Гораздо более известного человека, Талейрана, тогдашнего епископа Отенского, он также оценил верно с самого начала, записав, что тот показался ему «хитрым, хладнокровным, лукавым, честолюбивым и злобным человеком. Я не знаю, почему в моем сознании формируются столь неблагоприятные выводы о нем, но это так, и я ничего не могу с этим поделать». Впоследствии ему пришлось много работать вместе с Талейраном, поскольку оба придерживались по существу одинаковых взглядов на государственные дела в тот кризисный момент и работали ради общей цели. Говоря о плане своего нового союзника в отношении церковного имущества, он отмечает: «Он фанатично привязан к нему, и вещь эта вполне хороша; но способ ее реализации не столь хорош. Он привязан к этому как автор, что не является хорошим знаком для делового человека». И далее он критикует действия Талейрана в отношении определенных финансовых планов, усматривая в них готовность «пожертвовать великими целями ради малых... в обратной пропорции к моральным пропорциям».
Моррис любил Лафайета и высоко ценил его мужество и острое чувство чести; но он невысоко ставил его способности и временами становился очень нетерпимым к его тщеславию и непрактичным теориям. Кроме того, он считал его человеком, которого несет течением и который не способен ни обуздать его, ни направить. «Я знаю своего друга Лафайета уже много лет и могу оценить по достоинству как его слова, так и поступки. Он никому не желает зла, но он намного ниже того дела, за которое взялся; и если море разбушуется, он не сможет удержать штурвал». И далее, в письме к Вашингтону: «К несчастью, он поддался мерам... которые он не вполне одобряет, и он горячо одобряет многое из того, что опыт покажет как опасное».
Искалеченный, но мощный гений Мирабо давался ему с большим трудом в оценке; возможно, он так никогда и не оценил его по достоинству. Он естественным образом презирал человека столь падкого до разврата, который, будучи одним из главных подстрекателей революции, теперь стал субсидируемым союзником двора. Он считал его «одним из самых беспринципных негодяев, когда-либо живших на свете», хотя и обладавшим «выдающимися талантами» и «настолько распутным, что он опозорил бы любую администрацию», к тому же обладавним столь мизерными принципами, что доверять ему было небезопасно.
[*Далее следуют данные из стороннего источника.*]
text \<open>If \<open>ker B = 0\<close>, then \<open>B\<^sup>*\<close> has dense range and is bounded below
  (\<open>\<parallel>B\<^sup>*w\<parallel>\<^sup>2 = \<parallel>w\<parallel>\<^sup>2 - \<mu>\<langle>Aw,w\<rangle> \<ge> (1 - \<mu>)\<parallel>w\<parallel>\<^sup>2\<close>), hence surjective.
  Since \<open>\<langle>AB\<^sup>*w,B\<^sup>*w\<rangle> = \<mu>\<langle>Aw,w\<rangle> - \<mu>\<^sup>2\<parallel>Aw\<parallel>\<^sup>2\<close>, Cauchy--Schwarz turns a bound
  \<open>A \<le> \<rho>\<close> into \<open>A \<le> \<mu>\<rho>\<close> on the range of \<open>B\<^sup>*\<close>, i.e. everywhere; starting from
  \<open>A \<le> 1\<close> this gives \<open>A \<le> \<mu>\<^sup>n\<close> for all \<open>n\<close>, so \<open>A = 0\<close>.  Conversely \<open>A = 0\<close> means
  \<open>B\<^sup>*B = 1\<close>.  Only real parts of inner products enter.\<close>

lemma near_minimizers_close:
  fixes y u w :: "'a::real_inner"
  assumes "d \<le> (norm (y - (1/2) *\<^sub>R (u + w)))\<^sup>2"
    and "(norm (y - u))\<^sup>2 \<le> d + e" and "(norm (y - w))\<^sup>2 \<le> d + f"
  shows "(norm (u - w))\<^sup>2 \<le> 2 * e + 2 * f"
proof -
  have "(norm (u - w))\<^sup>2 + 4 * (norm (y - (1/2) *\<^sub>R (u + w)))\<^sup>2
      = 2 * (norm (y - u))\<^sup>2 + 2 * (norm (y - w))\<^sup>2"
    by (simp add: power2_norm_eq_inner inner_add_left inner_add_right inner_diff_left
        inner_diff_right inner_commute algebra_simps)
  with assms show ?thesis by linarith
qed

lemma nearest_image_orthogonal:
  fixes C :: "'a::real_vector \<Rightarrow> 'b::real_inner"
  assumes "linear C" and nearest: "\<And>z'. norm (y - C z) \<le> norm (y - C z')"
  shows "inner (y - C z) (C v) = 0"
proof -
  interpret C: linear C by fact
  define e p V where "e = y - C z" and "p = inner e (C v)" and "V = (norm (C v))\<^sup>2"
  have descent: "2 * t * p \<le> t\<^sup>2 * V" for t
  proof -
    have "(norm e)\<^sup>2 \<le> (norm (e - t *\<^sub>R C v))\<^sup>2"
      using nearest[of "z + t *\<^sub>R v"] unfolding e_def
      by (simp add: C.add C.scale algebra_simps)
    also have "\<dots> = (norm e)\<^sup>2 - 2 * t * p + t\<^sup>2 * V"
      unfolding p_def V_def power2_norm_eq_inner
      by (simp add: inner_diff_left inner_diff_right inner_commute power2_eq_square algebra_simps)
    finally show ?thesis by simp
  qed
  have "p = 0"
  proof (cases "V = 0")
    case True
    thus ?thesis by (simp add: p_def V_def)
  next
    case False
    hence "V > 0" by (simp add: V_def)
    with descent[of "p / V"] have "p\<^sup>2 / V \<le> 0"
      by (simp add: field_simps power2_eq_square)
    with \<open>V > 0\<close> show ?thesis by (simp add: divide_le_0_iff)
  qed
  thus ?thesis by (simp add: p_def e_def)
qed

lemma bounded_below_minimizing_sequence_Cauchy:
  fixes C :: "'a::real_normed_vector \<Rightarrow> 'b::real_inner"
  assumes "linear C" and "c > 0" and below: "\<And>z. c * norm z \<le> norm (C z)"
    and d_le: "\<And>z. d \<le> (norm (y - C z))\<^sup>2"
    and zs: "\<And>n. (norm (y - C (zs n)))\<^sup>2 \<le> d + 1 / real (Suc n)"
  shows "Cauchy zs"
proof (rule CauchyI)
  interpret C: linear C by fact
  have images_close: "(norm (C (zs m - zs n)))\<^sup>2 \<le> 2 / real (Suc m) + 2 / real (Suc n)" for m n
  proof -
    have "C ((1/2) *\<^sub>R (zs m + zs n)) = (1/2) *\<^sub>R (C (zs m) + C (zs n))"
      by (simp add: C.add C.scale)
    hence "(norm (C (zs m) - C (zs n)))\<^sup>2 \<le> 2 * (1 / real (Suc m)) + 2 * (1 / real (Suc n))"
      using d_le[of "(1/2) *\<^sub>R (zs m + zs n)"] zs[of m] zs[of n]
      by (intro near_minimizers_close) simp_all
    thus ?thesis by (simp add: C.diff)
  qed
  fix e :: real assume "e > 0"
  obtain M :: nat where M: "4 / (c * e)\<^sup>2 < real M" using reals_Archimedean2 by blast
  have "norm (zs m - zs n) < e" if "m \<ge> M" "n \<ge> M" for m n
  proof -
    have "(c * norm (zs m - zs n))\<^sup>2 \<le> (norm (C (zs m - zs n)))\<^sup>2"
      using below \<open>c > 0\<close> by (simp add: power_mono)
    also have "\<dots> \<le> 2 / real (Suc M) + 2 / real (Suc M)"
      using images_close[of m n] that
        frac_le[of 2 2 "real (Suc M)" "real (Suc m)"] frac_le[of 2 2 "real (Suc M)" "real (Suc n)"]
      by simp
    also have "\<dots> = 4 / real (Suc M)" by simp
    also have "\<dots> < (c * e)\<^sup>2"
    proof -
      have pos: "(c * e)\<^sup>2 > 0" using \<open>c > 0\<close> \<open>e > 0\<close> by simp
      with M have "4 < real M * (c * e)\<^sup>2" by (simp add: divide_less_eq)
      with pos have "4 < real (Suc M) * (c * e)\<^sup>2"
        unfolding of_nat_Suc distrib_right by linarith
      thus ?thesis by (simp add: divide_less_eq mult.commute)
    qed
    finally have "c * norm (zs m - zs n) < c * e"
      using \<open>c > 0\<close> \<open>e > 0\<close> by (simp add: power_less_imp_less_base)
    thus ?thesis using \<open>c > 0\<close> by simp
  qed
  thus "\<exists>M. \<forall>m\<ge>M. \<forall>n\<ge>M. norm (zs m - zs n) < e" by blast
qed

lemma bounded_below_nearest_image_exists:
  fixes C :: "'a::{real_normed_vector, complete_space} \<Rightarrow> 'b::real_inner"
  assumes "bounded_linear C" and "c > 0" and "\<And>z. c * norm z \<le> norm (C z)"
  obtains z where "\<And>z'. norm (y - C z) \<le> norm (y - C z')"
proof -
  interpret C: bounded_linear C by fact
  define d where "d = (INF z. (norm (y - C z))\<^sup>2)"
  have bdd: "bdd_below (range (\<lambda>z. (norm (y - C z))\<^sup>2))"
    by (rule bdd_belowI2[of _ 0]) simp
  have d_le: "d \<le> (norm (y - C z))\<^sup>2" for z
    unfolding d_def using bdd by (rule cINF_lower) simp
  have "\<exists>z. (norm (y - C z))\<^sup>2 < d + 1 / real (Suc n)" for n
    using cINF_less_iff[OF UNIV_not_empty bdd, of "d + 1 / real (Suc n)"] by (simp add: d_def)
  then obtain zs where zs: "\<And>n. (norm (y - C (zs n)))\<^sup>2 \<le> d + 1 / real (Suc n)"
    by (metis less_imp_le)
  have "Cauchy zs"
    using C.linear assms(2,3) d_le zs by (rule bounded_below_minimizing_sequence_Cauchy)
  then obtain z where "zs \<longlonglongrightarrow> z" using Cauchy_convergent_iff convergent_def by blast
  hence "(\<lambda>n. (norm (y - C (zs n)))\<^sup>2) \<longlonglongrightarrow> (norm (y - C z))\<^sup>2"
    by (intro tendsto_intros C.tendsto)
  hence "(norm (y - C z))\<^sup>2 \<le> d"
    by (rule LIMSEQ_le[OF _ LIMSEQ_inverse_real_of_nat_add]) (use zs in \<open>simp add: inverse_eq_divide\<close>)
  hence "norm (y - C z) \<le> norm (y - C z')" for z'
    using d_le[of z'] by (simp add: power2_le_imp_le)
  thus ?thesis by (rule that)
qed

lemma bounded_below_perp_range_zero_imp_surj:
  fixes C :: "'a::{real_normed_vector, complete_space} \<Rightarrow> 'b::real_inner"
  assumes "bounded_linear C" and "c > 0" and "\<And>z. c * norm z \<le> norm (C z)"
    and perp_zero: "\<And>v. (\<And>z. inner v (C z) = 0) \<Longrightarrow> v = 0"
  shows "surj C"
proof -
  have "y \<in> range C" for y
  proof -
    obtain z where "\<And>z'. norm (y - C z) \<le> norm (y - C z')"
      using bounded_below_nearest_image_exists assms(1-3) by blast
    hence "inner (y - C z) (C v) = 0" for v
      using nearest_image_orthogonal assms(1) bounded_linear.linear by blast
    hence "y - C z = 0" by (rule perp_zero)
    thus ?thesis by auto
  qed
  thus ?thesis by auto
qed
locale unimodal_line =
  fixes f :: "real^'n \<Rightarrow> real" and x d :: "real^'n" and t :: real
  assumes decreasing: "strict_antimono_on {..t} (\<lambda>\<alpha>. f (x + \<alpha> *\<^sub>R d))"
    and increasing: "strict_mono_on {t..} (\<lambda>\<alpha>. f (x + \<alpha> *\<^sub>R d))"
    and coercive: "\<exists>R. \<forall>s. R \<le> \<bar>s\<bar> \<longrightarrow> f x \<le> f (x + s *\<^sub>R d)"
begin

lemma less_before_min: "a < b \<Longrightarrow> b \<le> t \<Longrightarrow> f (x + b *\<^sub>R d) < f (x + a *\<^sub>R d)"
  using monotone_onD[OF decreasing, of a b] by simp

lemma less_after_min: "t \<le> a \<Longrightarrow> a < b \<Longrightarrow> f (x + a *\<^sub>R d) < f (x + b *\<^sub>R d)"
  using monotone_onD[OF increasing, of a b] by simp

lemma ls_step_bracket:
  assumes "ls_bracket t s"
  shows "ls_bracket t (ls_step f x d s) \<and> ls_radius (ls_step f x d s) \<le> ls_radius s / 2"
proof -
  obtain a am ap where s: "s = (a, am, ap)" by (cases s)
  define mp where "mp = (a + ap) / 2"
  define mm where "mm = (a + am) / 2"
  have br: "am \<le> a" "a \<le> ap" "am \<le> t" "t \<le> ap"
    using assms unfolding s ls_bracket_def by auto
  consider (right) "f (x + mp *\<^sub>R d) < f (x + a *\<^sub>R d)"
    | (left) "\<not> f (x + mp *\<^sub>R d) < f (x + a *\<^sub>R d)" "f (x + mm *\<^sub>R d) < f (x + a *\<^sub>R d)"
    | (shrink) "\<not> f (x + mp *\<^sub>R d) < f (x + a *\<^sub>R d)" "\<not> f (x + mm *\<^sub>R d) < f (x + a *\<^sub>R d)"
    by blast
  then show ?thesis
  proof cases
    case right
    then have "a < mp"
      using br by (cases "a = ap") (auto simp: mp_def)
    then have "a \<le> t"
      using right less_after_min[of a mp] by force
    moreover have "ls_step f x d s = (mp, a, ap)"
      using right by (simp add: s ls_step_def PC_def mp_def)
    ultimately show ?thesis
      using br by (simp add: s ls_bracket_def ls_radius_def mp_def field_simps max_def)
  next
    case left
    then have "mm < a"
      using br by (cases "a = am") (auto simp: mm_def)
    then have "t \<le> a"
      using left less_before_min[of mm a] by force
    moreover have "ls_step f x d s = (mm, am, a)"
      using left by (simp add: s ls_step_def PC_def mp_def mm_def)
    ultimately show ?thesis
      using br by (simp add: s ls_bracket_def ls_radius_def mm_def field_simps max_def)
  next
    case shrink
    have "t \<le> mp"
      using shrink(1) br less_before_min[of a mp] by (force simp: mp_def)
    moreover have "mm \<le> t"
      using shrink(2) br less_after_min[of mm a] by (force simp: mm_def)
    moreover have "ls_step f x d s = (a, mm, mp)"
      using shrink by (simp add: s ls_step_def PC_def mp_def mm_def)
    ultimately show ?thesis
      using br by (simp add: s ls_bracket_def ls_radius_def mm_def mp_def field_simps max_def)
  qed
qed
(* Let $r\in[0,1]$, $\sigma>0$, $L_2>0$, $K_+,K_-\in\mathbb N_0$. There exist a dataset space $\mathbb X$ of finite sets, a pair of datasets $x\simeq_{K_+,K_-}x'$, and a function $h:\mathbb Y\to\mathbb R^D$ with $\max_{y\simeq_\pm y'}\|h(y)-h(y')\|_2=L_2$ such that, for $M=B\circ S$ with $S$ Poisson subsampling at rate $r$ and $B(y)=h(y)+V$, $V\sim\mathcal N(0,\sigma^2I_D)$, $$\Psi_\alpha(m_x\|m_{x'})=\Psi_\alpha\Big(\sum_{i=1}^{K_-+1}f^{(1)}_i\,\mathrm{Binom}(i-1\mid K_-,r)\ \Big\|\ \sum_{j=1}^{K_++1}f^{(2)}_j\,\mathrm{Binom}(j-1\mid K_+,r)\Big),$$ with $f^{(1)}_i$ the univariate normal density with mean $i-1$ and standard deviation $\sigma/L_2$ and $f^{(2)}_j$ the univariate normal density with mean $-(j-1)$ and standard deviation $\sigma/L_2$.
   Context: Batches are subsets $y\subseteq x$ of datasets; Poisson subsampling with rate $r$: $s_x(y)=r^{|y|}(1-r)^{|x|-|y|}$ for $y\subseteq x$; $m_x(z)=\sum_y b_y(z)s_x(y)$ with $b_y$ the density of $B(y)$. $y\simeq_\pm y'$ iff one is obtained from the other by inserting or removing a single element. $x\simeq_{K_+,K_-}x'$ iff $x'=(x\setminus g_-)\cup g_+$ with $g_-\subseteq x$, $|g_-|=K_-$, $g_+\cap x=\emptyset$, $|g_+|=K_+$. $\mathrm{Binom}(k\mid n,r)=\binom nk r^k(1-r)^{n-k}$. $H_\alpha(p\|q)=\int\max\{p-\alpha q,0\}$ ($\alpha\ge0$), $\Lambda_\alpha(p\|q)=\int p^\alpha q^{1-\alpha}$ ($\alpha>1$); $\Psi_\alpha$ is either. *)

theory Defs
  imports "HOL-Probability.Probability"
begin
section \<open>Balancing at the maximiser\<close>

text \<open>Tight-set reduction: if all weighted SIRs are at least c > 0 and the tight set is a
  nonempty proper subset, lowering the non-tight powers uniformly gives a feasible vector
  with all weighted SIRs still at least c and a strictly smaller tight set.\<close>
lemma tight_set_shrinks:
  assumes irr: "irreducible_mat K V" and C_nonneg: "\<forall>n<N. \<forall>k<K. C n k \<ge> 0"
    and c: "c > 0" and p: "p \<in> power_set K N C P" and ge: "\<forall>k<K. ratio p k \<ge> c"
    and S: "tight c p \<noteq> {}" "tight c p \<noteq> {..<K}"
  shows "\<exists>q\<in>power_set K N C P. (\<forall>k<K. ratio q k \<ge> c) \<and> tight c q \<subset> tight c p"
proof -
  define T where "T = {k. k < K \<and> k \<notin> tight c p}"
  have T_gt: "c < ratio p k" if "k \<in> T" for k
    using that ge unfolding T_def tight_def by force
  obtain \<theta> where \<theta>: "0 < \<theta>" "\<theta> < 1" "\<forall>k\<in>T. c < \<theta> * ratio p k"
    using uniform_shrink_factor[of T c "ratio p"] T_gt c unfolding T_def by auto
  have p0: "\<forall>k<K. 0 \<le> p k" and pK: "\<forall>k\<ge>K. p k = 0" using p unfolding power_set_def by auto
  have p_pos: "p k > 0" if "k < K" for k
    using ratio_pos_imp_power_pos[OF p0 that] ge that c by force
  define q where "q = (\<lambda>k. if k \<in> T then \<theta> * p k else p k)"
  have le: "\<forall>k<K. 0 \<le> q k \<and> q k \<le> p k"
    using p0 \<theta> unfolding q_def by (auto intro: mult_left_le_one_le)
  have q_in: "q \<in> power_set K N C P"
    using power_set_downward_closed[OF p C_nonneg le] pK unfolding q_def T_def by auto
  have q_T: "c < ratio q k" if "k \<in> T" for k
    using ratio_scaled_ge[OF le, of k \<theta>] \<theta> that unfolding q_def T_def by force
  have q_ge: "ratio p k \<le> ratio q k" if "k < K" "k \<notin> T" for k
    using ratio_scaled_ge[OF le that(1), of 1] that unfolding q_def by simp
  obtain a b where ab: "a \<in> tight c p" "b < K" "b \<notin> tight c p" "V a b > 0"
    using irreducible_mat_edge_out[OF irr _ S] unfolding tight_def by blast
  have a: "a < K" "a \<notin> T" using ab(1) unfolding tight_def T_def by auto
  have b: "b \<in> T" using ab unfolding T_def by auto
  have "q b < p b" using b p_pos[OF ab(2)] \<theta>(2) unfolding q_def by simp
  moreover have "q a = p a" using a(2) unfolding q_def by simp
  ultimately have "ratio p a < ratio q a"
    using ratio_strictly_increases[OF le a(1) ab(2,4)] p_pos[OF a(1)] by blast
  then have a_not: "a \<notin> tight c q" using ab(1) unfolding tight_def by auto
  have "\<forall>k<K. ratio q k \<ge> c" using q_T q_ge ge T_def by force
  moreover have "tight c q \<subset> tight c p"
    using q_T a_not ab(1) unfolding tight_def T_def by force
  ultimately show ?thesis using q_in by blast
qed

lemma balanced_at_maximiser:
  assumes K: "K > 0" and irr: "irreducible_mat K V" and C_nonneg: "\<forall>n<N. \<forall>k<K. C n k \<ge> 0"
    and c: "c > 0" and opt: "\<forall>q\<in>power_set K N C P. min_sir K V z \<gamma> q \<le> c"
    and p: "p \<in> power_set K N C P" and ge: "\<forall>k<K. ratio p k \<ge> c"
  shows "\<forall>k<K. ratio p k = c"
  using p ge
proof (induction "card (tight c p)" arbitrary: p rule: less_induct)
  case (less p)
  consider "tight c p = {}" | "tight c p = {..<K}" | "tight c p \<noteq> {}" "tight c p \<noteq> {..<K}"
    by blast
  then show ?case
  proof cases
    case 1
    obtain k where k: "k < K" "min_sir K V z \<gamma> p = ratio p k" using min_sir_attained[OF K] by blast
    have "ratio p k \<noteq> c" using 1 k(1) unfolding tight_def by blast
    moreover have "c \<le> ratio p k" using less.prems(2) k(1) by blast
    ultimately have "c < min_sir K V z \<gamma> p" unfolding k(2) by linarith
    then show ?thesis using opt less.prems(1) by fastforce
  next
    case 2
    then show ?thesis unfolding tight_def by auto
  next
    case 3
    obtain q where q: "q \<in> power_set K N C P" "\<forall>k<K. ratio q k \<ge> c" "tight c q \<subset> tight c p"
      using tight_set_shrinks[OF irr C_nonneg c less.prems 3] by blast
    have "card (tight c q) < card (tight c p)"
      using q(3) by (intro psubset_card_mono) (simp add: tight_def)
    then have "\<forall>k<K. ratio q k = c" using less.hyps q(1,2) by blast
    then have "tight c q = {..<K}" unfolding tight_def by auto
    moreover have "tight c p \<subseteq> {..<K}" unfolding tight_def by auto
    ultimately show ?thesis using q(3) by blast
  qed
qed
После его смерти он подводит ему такой итог: «Пороки — как унизительные, так и отвратительные — отмечали это необычайное существо. Совершенно продажный, он жертвовал всем ради прихоти момента; — cupidus alieni prodigus sui; продажный, бесстыдный; и в то же время величественно добродетельный, когда его подталкивал преобладающий импульс, но никогда по-настоящему добродетельный, ибо никогда не находившийся под твердым контролем разума или прочной властью принципов. Я видел этого человека, которого в течение короткого двухлетнего срока то предали остракизму, то чествовали, то ненавидели, то оплакивали. Энтузиазм представил его гигантским в эту минуту. Время и размышления уменьшат этот рост». Даже если признать это абсолютно верным, как оно несомненно и есть в главном, тем не менее фактом оставалось то, что лишь в Мирабо заключалась малейшая надежда на спасение для французской нации; и Моррис ошибался, упорно возражая против вступления Лафайета в министерство вместе с ним. Действительно, в данном случае он, кажется, ослеплен предрассудками и поступал крайне несообразно; ибо его совет и причины, которые он приводил в его обоснование, полностью противоречили правилам, которые он сам изложил Лафайету с еще большим цинизмом, чем здравым смыслом, когда последний однажды высказал возражения против некоторых из предполагаемых соратников: «Я заявляю ему... что, касательно возражений, которые он сделал по части морали некоторых из них, он должен учитывать, что люди идут в администрацию не как по прямой дороге на небеса; что ими движет честолюбие или алчность, а потому единственный способ обеспечить привлечение самых добродетельных — это сделать так, чтобы им было выгодно поступать правильно».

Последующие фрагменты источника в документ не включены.